(Dataset entries)

★ ★ ★

(* Let $E_1 \subseteq H^2$ be a closed subspace and let $E_2 = \Theta_2 H^2$ for an inner function $\Theta_2$. Let $k \in E_1$ be nonzero with inner-outer factorization $k = \theta p$, where $\theta$ is inner and $p$ is outer in $H^2$. Then the minimal generalized Toeplitz kernel containing $k$ is \[ K_{\min}^{E_1,E_2}(k) = \ker T^{E_1,E_2}_{\frac{\Theta_2\,\overline{\theta z p}}{p}} . \]
   Context: $H^2$ is the Hardy space of the unit disk, identified with a closed subspace of $L^2(\mathbb{T})$ via boundary values; $P_+$ is the orthogonal projection of $L^2(\mathbb{T})$ onto $H^2$ and $T_g f = P_+(gf)$. For a symbol $g$ (a measurable function on $\mathbb{T}$), the generalized Toeplitz kernel is $\ker T_g^{E_1,E_2} := \{ f \in E_1 : T_g f \in E_2^\perp\}$, where $E_2^\perp$ is the orthogonal complement of $E_2$ in $L^2(\mathbb{T})$. For nonzero $k\in E_1$, the minimal generalized Toeplitz kernel $K^{E_1,E_2}_{\min}(k)$ is the smallest kernel of the form $\ker T_g^{E_1,E_2}$ containing $k$: i.e. it is such a kernel containing $k$, and for every $g\in L^\infty(\mathbb{T})$ with $k \in \ker T_g^{E_1,E_2}$ one has $K^{E_1,E_2}_{\min}(k) \subseteq \ker T_g^{E_1,E_2}$. Here $z$ denotes the coordinate function on $\mathbb{T}$. *)

theory Defs
  imports "HOL-Analysis.Analysis" "HOL-Computational_Algebra.Polynomial"
begin

text \<open>Functions on the unit circle T are represented as functions complex => complex;
  only their values on T matter.\<close>

definition circle_measure :: "complex measure" where
  "circle_measure =
     distr (density (restrict_space lborel {0..2*pi}) (\<lambda>_. ennreal (1/(2*pi)))) borel cis"

definition L2T :: "(complex \<Rightarrow> complex) set" where
  "L2T = {f. f \<in> borel_measurable circle_measure \<and>
             integrable circle_measure (\<lambda>z. (cmod (f z))^2)}"

definition LinfT :: "(complex \<Rightarrow> complex) set" where
  "LinfT = {f. f \<in> borel_measurable circle_measure \<and>
               (\<exists>C. AE z in circle_measure. cmod (f z) \<le> C)}"

definition inner2 :: "(complex \<Rightarrow> complex) \<Rightarrow> (complex \<Rightarrow> complex) \<Rightarrow> complex" where
  "inner2 f g = integral\<^sup>L circle_measure (\<lambda>z. f z * cnj (g z))"

definition norm2 :: "(complex \<Rightarrow> complex) \<Rightarrow> real" where
  "norm2 f = sqrt (integral\<^sup>L circle_measure (\<lambda>z. (cmod (f z))^2))"

definition fourier_coeff :: "(complex \<Rightarrow> complex) \<Rightarrow> int \<Rightarrow> complex" where
  "fourier_coeff f n = integral\<^sup>L circle_measure (\<lambda>z. f z * z powi (- n))"

definition H2 :: "(complex \<Rightarrow> complex) set" where
  "H2 = {f \<in> L2T. \<forall>n::int. n < 0 \<longrightarrow> fourier_coeff f n = 0}"

definition orth :: "(complex \<Rightarrow> complex) set \<Rightarrow> (complex \<Rightarrow> complex) set" where
  "orth E = {f \<in> L2T. \<forall>e\<in>E. inner2 f e = 0}"

definition closed_subspace_L2 :: "(complex \<Rightarrow> complex) set \<Rightarrow> bool" where
  "closed_subspace_L2 E \<longleftrightarrow> E \<subseteq> L2T \<and> (\<lambda>_. 0) \<in> E \<and>
     (\<forall>f\<in>E. \<forall>g\<in>E. (\<lambda>z. f z + g z) \<in> E) \<and>
     (\<forall>c::complex. \<forall>f\<in>E. (\<lambda>z. c * f z) \<in> E) \<and>
     (\<forall>F f. (\<forall>n::nat. F n \<in> E) \<longrightarrow> f \<in> L2T \<longrightarrow>
        (\<lambda>n. norm2 (\<lambda>z. F n z - f z)) \<longlonglongrightarrow> 0 \<longrightarrow> f \<in> E)"

definition Pplus :: "(complex \<Rightarrow> complex) \<Rightarrow> (complex \<Rightarrow> complex)" where
  "Pplus h = (SOME u. u \<in> H2 \<and> (\<forall>e\<in>H2. inner2 (\<lambda>z. h z - u z) e = 0))"

definition toeplitz :: "(complex \<Rightarrow> complex) \<Rightarrow> (complex \<Rightarrow> complex) \<Rightarrow> (complex \<Rightarrow> complex)" where
  "toeplitz g f = Pplus (\<lambda>z. g z * f z)"

definition gen_toeplitz_kernel ::
  "(complex \<Rightarrow> complex) \<Rightarrow> (complex \<Rightarrow> complex) set \<Rightarrow> (complex \<Rightarrow> complex) set \<Rightarrow> (complex \<Rightarrow> complex) set" where
  "gen_toeplitz_kernel g E1 E2 = {f \<in> E1. toeplitz g f \<in> orth E2}"

definition is_min_gen_toeplitz_kernel ::
  "(complex \<Rightarrow> complex) set \<Rightarrow> (complex \<Rightarrow> complex) set \<Rightarrow> (complex \<Rightarrow> complex) \<Rightarrow> (complex \<Rightarrow> complex) set \<Rightarrow> bool" where
  "is_min_gen_toeplitz_kernel E1 E2 k K \<longleftrightarrow>
     (\<exists>g\<in>LinfT. K = gen_toeplitz_kernel g E1 E2) \<and> k \<in> K \<and>
     (\<forall>g\<in>LinfT. k \<in> gen_toeplitz_kernel g E1 E2 \<longrightarrow> K \<subseteq> gen_toeplitz_kernel g E1 E2)"

definition inner_fun :: "(complex \<Rightarrow> complex) \<Rightarrow> bool" where
  "inner_fun \<theta> \<longleftrightarrow> \<theta> \<in> H2 \<and> (AE z in circle_measure. cmod (\<theta> z) = 1)"

text \<open>Outer functions in H^2: cyclic vectors for the shift, i.e. the polynomial multiples
  q p (q an analytic polynomial) are dense in H^2 (Beurling).\<close>
definition outer_fun :: "(complex \<Rightarrow> complex) \<Rightarrow> bool" where
  "outer_fun p \<longleftrightarrow> p \<in> H2 \<and>
     (\<forall>h\<in>H2. \<forall>\<epsilon>>0. \<exists>q::complex poly. norm2 (\<lambda>z. poly q z * p z - h z) < \<epsilon>)"

definition inner_mult_H2 :: "(complex \<Rightarrow> complex) \<Rightarrow> (complex \<Rightarrow> complex) set" where
  "inner_mult_H2 \<Theta> = {f \<in> L2T. \<exists>h\<in>H2. AE z in circle_measure. f z = \<Theta> z * h z}"

end

theory Submission
  imports Defs
begin

text \<open>
  For \<open>f \<in> E1\<close> the kernel condition for \<open>T\<^sub>g\<close> with target space \<open>\<Theta>\<^sub>2 H\<^sup>2\<close> says that
  $g f \overline{\Theta_2}$ is orthogonal to $H^2$, i.e. that $\overline{z g f \overline{\Theta_2}} \in H^2$.
  For the symbol $g_0 = \Theta_2 \overline{\theta z p} / p$ one has
  $g_0 k \overline{\Theta_2} = \overline{z p}$, so \<open>k\<close> lies in the kernel of \<open>T\<^sub>g\<^sub>0\<close>.
  Conversely, let \<open>k\<close> lie in the kernel of \<open>T\<^sub>g\<close> and \<open>f\<close> in that of \<open>T\<^sub>g\<^sub>0\<close>. Then
  $a = \overline{z g k \overline{\Theta_2}}$ and $b = \overline{z g_0 f \overline{\Theta_2}}$ belong to $H^2$,
  and pointwise $g f \overline{\Theta_2} = \overline{z a b / p}$. Now $\int z\, a b\, q = 0$ for every
  polynomial \<open>q\<close>, and the multiples \<open>q p\<close> are dense in $H^2$ because \<open>p\<close> is outer; hence
  $\int z\, (a b / p)\, h = 0$ for all $h \in H^2$, which says that \<open>f\<close> lies in the kernel of \<open>T\<^sub>g\<close>.
\<close>

section \<open>The normalised measure on the circle\<close>

lemma sets_circle_measure [simp, measurable_cong]: "sets circle_measure = sets borel"
  by (simp add: circle_measure_def)

lemma space_circle_measure [simp]: "space circle_measure = UNIV"
  by (simp add: circle_measure_def)

lemma measurable_circle_measure_iff [simp]:
  "f \<in> borel_measurable circle_measure \<longleftrightarrow> f \<in> borel_measurable borel"
  by (simp add: measurable_def)

definition normalized_arc_measure :: "real measure" where
  "normalized_arc_measure = density (restrict_space lborel {0..2*pi}) (\<lambda>_. ennreal (1/(2*pi)))"

lemma circle_measure_eq_distr: "circle_measure = distr normalized_arc_measure borel cis"
  by (simp add: circle_measure_def normalized_arc_measure_def)

lemma sets_normalized_arc_measure [measurable_cong, simp]:
  "sets normalized_arc_measure = sets (restrict_space lborel {0..2*pi})"
  by (simp add: normalized_arc_measure_def)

★ ★ ★

### Problem details
Repeat the data above starting at the line with "and pointwise $g" and ending at its last line, exactly, with no other lines.

### Task output
  and pointwise $g f \overline{\Theta_2} = \overline{z a b / p}$. Now $\int z\, a b\, q = 0$ for every
  polynomial \<open>q\<close>, and the multiples \<open>q p\<close> are dense in $H^2$ because \<open>p\<close> is outer; hence
  $\int z\, (a b / p)\, h = 0$ for all $h \in H^2$, which says that \<open>f\<close> lies in the kernel of \<open>T\<^sub>g\<close>.
\<close>

section \<open>The normalised measure on the circle\<close>

lemma sets_circle_measure [simp, measurable_cong]: "sets circle_measure = sets borel"
  by (simp add: circle_measure_def)

lemma space_circle_measure [simp]: "space circle_measure = UNIV"
  by (simp add: circle_measure_def)

lemma measurable_circle_measure_iff [simp]:
  "f \<in> borel_measurable circle_measure \<longleftrightarrow> f \<in> borel_measurable borel"
  by (simp add: measurable_def)

definition normalized_arc_measure :: "real measure" where
  "normalized_arc_measure = density (restrict_space lborel {0..2*pi}) (\<lambda>_. ennreal (1/(2*pi)))"

lemma circle_measure_eq_distr: "circle_measure = distr normalized_arc_measure borel cis"
  by (simp add: circle_measure_def normalized_arc_measure_def)

lemma sets_normalized_arc_measure [measurable_cong, simp]:
  "sets normalized_arc_measure = sets (restrict_space lborel {0..2*pi})"
  by (simp add: normalized_arc_measure_def)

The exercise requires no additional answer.